U.S.: Fresh produce “no longer the support act” on menus
How to increase fruit and vegetable consumption is the million-dollar question for many in the industry. Opening proceedings at the London Produce Show's Foodservice Forum, Gerry Ludwig of Gordon Food Service says he has found the answer - at least for the restaurant scene.
For the past 15 years, the U.S.-based food writer and trend tracker has conducted intensive, street-level culinary research involving visits to hundreds of leading restaurants.
In his latest research project, which entailed sampling dishes at more than 100 new restaurants in the biggest trend-setting cities of New York, Los Angeles and Chicago, his most prominent finding was the rapid expansion of "vegetable-centric" menus.
He said the trend had been gaining significant traction over the last three years in the U.S., from where consumer habits often spread to the U.K. and Europe.
"We really consider vegetable-centricity to be one of the very few macro trends - overarching trends that play out over long period of time," he told the international crowd during his keynote speech.
"It's still in its genesis and it is going to very seriously influence commercial foodservice for as far as the eye can see."
He explained the movement involved chefs taking fresh produce - primarily vegetables and secondarily fruits - and promoting them to the center of the plate. Vegetables often now have their own category on menus, instead of being relegated to the 'side dishes' section.
"One of the main changes we are seeing is chefs are treating fresh produce with the same high regard that they formerly reserved for animal-based proteins," he said.
Ludwig added chefs could not only vastly increase their flavor arsenal with this new concept, but also create far more beautiful meals.
However, he emphasized these new dishes were not necessarily vegetarian or vegan, as many entailed meat or seafood.
"They are targeted at the vast majority of dining consumers in America who are carnivorous and who would eat vegetable-based dishes in restaurants if only they had more compelling flavors.
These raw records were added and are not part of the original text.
(* Assume the standing hypotheses (P) described in the context and let $\epsilon>0$. For every $\eta\in(0,\frac\beta2)$ there exists $\zeta>0$, depending only on $\epsilon$, $\beta$ and $\tilde H(\epsilon)$ (and independent of $n$), such that for every $\phi\in\mathcal H^{pot}(\epsilon)$ that is not $(\frac\beta2-\eta)$-strongly convex it holds that $P^{(\beta/2)}(\phi)\ge\zeta$.
   Context: Let $d\in\mathbb N$; $\lambda$ is the restriction of Lebesgue measure to $[0,1]^d$, $G_{\#}\lambda$ the pushforward. $\mu^*$ is a probability measure on $[0,1]^d$ with Lebesgue density $p^*$, $p^*>0$ on $[0,1]^d$, $p^*=0$ outside. Neural networks with architecture $(l_0,\dots,l_L)$ and activation $\sigma$ realize $x_0\mapsto W_Lx_{L-1}+B_L$, $x_k=\sigma(W_kx_{k-1}+B_k)$; ReCU: $\sigma(x)=\max\{x,0\}^3$. $C^{k,\alpha}$ are Hölder spaces on $[0,1]^d$ with norms $\|\cdot\|_{C^{k,\alpha}}$; $A\ge B$ means $A-B$ positive semidefinite; $d_{JS}$ is the Jensen–Shannon divergence. Hypotheses (P): $p^*\in C^{1,\alpha}([0,1]^d,\mathbb R)$ for some $\alpha\in(0,1)$; $\phi^*\in C^{3,\alpha}([0,1]^d,\mathbb R)$ is the Brenier potential with $\mu^*=(\nabla\phi^* )_{\#}\lambda$; $M\in(1,\infty)$ with $\frac1M\operatorname{Id}\le\operatorname{Hess}\phi^*\le M\operatorname{Id}$ on $[0,1]^d$, and $\beta:=1/M$. For each $\epsilon>0$, $\phi_\epsilon$ is a ReCU network $[0,1]^d\to\mathbb R$ with $\frac1{2M}\operatorname{Id}\le\operatorname{Hess}\phi_\epsilon\le2M\operatorname{Id}$ on $[0,1]^d$ and $d_{JS}(\mu^*,(\nabla\phi_\epsilon)_{\#}\lambda)\le\epsilon$, $\mathcal A^\phi(\epsilon)$ is its architecture, $H(\epsilon)=\|\phi_\epsilon\|_{C^{2,1}}$, $\tilde H(\epsilon)\ge H(\epsilon)$ is fixed, and $\mathcal H^{pot}(\epsilon)$ is the set of all ReCU networks $\phi\colon[0,1]^d\to\mathbb R$ with architecture $\mathcal A^\phi(\epsilon)$ and $\|\phi\|_{C^{2,1}([0,1]^d)}\le\tilde H(\epsilon)$. A function $\phi$ on $[0,1]^d$ is $\kappa$-strongly convex if $\phi(\frac{u+u'}2)\le\frac{\phi(u)+\phi(u')}2-\frac\kappa8\|u-u'\|^2$ for all $u,u'\in[0,1]^d$ (equivalently $\phi+\frac\kappa2\|\cdot\|^2$ is convex). For $\kappa>0$ and $\phi\colon[0,1]^d\to\mathbb R$, $P^{(\kappa)}(\phi)=\int_{([0,1]^d)^2}\mathrm{ReLU}\big(\phi(\frac{u+u'}2)-\frac{\phi(u)+\phi(u')}2+\frac\kappa8\|u-u'\|^2\big)\,du\,du'$, where $\mathrm{ReLU}(x)=\max\{x,0\}$. *)

theory Defs
  imports "HOL-Analysis.Analysis"
begin

definition unit_cube :: "(real^'d) set" where
  "unit_cube = cbox 0 One"

definition recu :: "real \<Rightarrow> real" where
  "recu x = (max x 0) ^ 3"

definition affine_layer :: "nat \<Rightarrow> (nat \<Rightarrow> nat \<Rightarrow> real) \<Rightarrow> (nat \<Rightarrow> real) \<Rightarrow> (nat \<Rightarrow> real) \<Rightarrow> (nat \<Rightarrow> real)" where
  "affine_layer n W B x = (\<lambda>i. (\<Sum>j<n. W i j * x j) + B i)"

text \<open>Evaluation from hidden layer k on: the architecture argument is the remaining list
  [l_k, l_(k+1), ..., l_L], the input is x_k (already activated), and the parameter list
  contains (W_(k+1),B_(k+1)), ..., (W_L,B_L).\<close>
fun hidden_eval :: "(real \<Rightarrow> real) \<Rightarrow> nat list \<Rightarrow> ((nat \<Rightarrow> nat \<Rightarrow> real) \<times> (nat \<Rightarrow> real)) list
    \<Rightarrow> (nat \<Rightarrow> real) \<Rightarrow> (nat \<Rightarrow> real)" where
  "hidden_eval \<sigma> (n # m # ns) ((W, B) # ps) x =
     (if ns = [] then affine_layer n W B x
      else hidden_eval \<sigma> (m # ns) ps (\<lambda>i. \<sigma> (affine_layer n W B x i)))"
| "hidden_eval \<sigma> _ _ x = x"

text \<open>Realization of a network with architecture [l_0,...,l_L] (l_0 = d, l_L = 1),
  first layer (W1 rows as vectors in R^d, B1), remaining layers ps.\<close>
definition net_realization :: "(real \<Rightarrow> real) \<Rightarrow> nat list \<Rightarrow> (nat \<Rightarrow> real^'d) \<Rightarrow> (nat \<Rightarrow> real)
    \<Rightarrow> ((nat \<Rightarrow> nat \<Rightarrow> real) \<times> (nat \<Rightarrow> real)) list \<Rightarrow> real^'d \<Rightarrow> real" where
  "net_realization \<sigma> arch W1 B1 ps x =
     (let z = (\<lambda>i. W1 i \<bullet> x + B1 i) in
      if length arch = 2 then z 0 else hidden_eval \<sigma> (tl arch) ps (\<lambda>i. \<sigma> (z i)) 0)"

definition is_recu_net :: "nat list \<Rightarrow> (real^'d \<Rightarrow> real) \<Rightarrow> bool" where
  "is_recu_net arch \<phi> \<longleftrightarrow>
     length arch \<ge> 2 \<and> hd arch = CARD('d) \<and> last arch = 1 \<and>
     (\<exists>W1 B1 ps. length ps = length arch - 2 \<and>
        (\<forall>x. \<phi> x = net_realization recu arch W1 B1 ps x))"

definition pd :: "'d::finite \<Rightarrow> (real^'d \<Rightarrow> real) \<Rightarrow> real^'d \<Rightarrow> real" where
  "pd i f x = deriv (\<lambda>t. f (x + t *\<^sub>R axis i 1)) 0"

definition c21_norm :: "(real^'d \<Rightarrow> real) \<Rightarrow> real" where
  "c21_norm f = Sup (
      {\<bar>f x\<bar> | x. x \<in> unit_cube}
    \<union> {\<bar>pd i f x\<bar> | i x. x \<in> unit_cube}
    \<union> {\<bar>pd i (pd j f) x\<bar> | i j x. x \<in> unit_cube}
    \<union> {\<bar>pd i (pd j f) x - pd i (pd j f) y\<bar> / norm (x - y) | i j x y.
         x \<in> unit_cube \<and> y \<in> unit_cube \<and> x \<noteq> y})"

definition strongly_convex_on_cube :: "real \<Rightarrow> (real^'d \<Rightarrow> real) \<Rightarrow> bool" where
  "strongly_convex_on_cube \<kappa> \<phi> \<longleftrightarrow>
     (\<forall>u\<in>unit_cube. \<forall>u'\<in>unit_cube.
        \<phi> ((1/2) *\<^sub>R (u + u')) \<le> (\<phi> u + \<phi> u') / 2 - \<kappa> / 8 * (norm (u - u'))\<^sup>2)"

definition relu :: "real \<Rightarrow> real" where
  "relu x = max x 0"

definition convexity_penalty :: "real \<Rightarrow> (real^'d \<Rightarrow> real) \<Rightarrow> real" where
  "convexity_penalty \<kappa> \<phi> =
     integral (unit_cube \<times> unit_cube)
       (\<lambda>(u, u'). relu (\<phi> ((1/2) *\<^sub>R (u + u')) - (\<phi> u + \<phi> u') / 2 + \<kappa> / 8 * (norm (u - u'))\<^sup>2))"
It doesn't have to be either vegetarian or meat-based - you can have both," he said.
Brussels sprouts and kale are two vegetables he said could be found in a significant number of the restaurants targeted as part of the research. But some others have come into prominence recently - watermelon radishes, maitake mushrooms and sunchokes.
Topping Ludwig's list of most under appreciated produce items was the persimmon.
The implications for the fresh produce industry, he explained, were powerful, as fruit and vegetables begin to take center stage.
"I can say with 100% certainty that fresh produce is no longer the support act," he told the audience.
"In all my time doing presentations it’s almost like there’s this apologetic tone or perception of being in the produce industry as opposed to the meat industry, that it's somehow second banana - pardon the pun.
"That certainly is no longer the case. Truly, you folks are in the cool school now."
He concluded that as a growing number of people discovered the joys of vegetable-based dishes, the mindset that food had to be either vegetarian or meat-based would be continue to be challenged.
"If you want to increase produce consumption in restaurants and in foodservice, you have to lose that meat-less mindset and realize that proteins are your partners," he said.
"The more that chefs do that, the more produce consumption we are going to see. I think consumers are absolutely ready."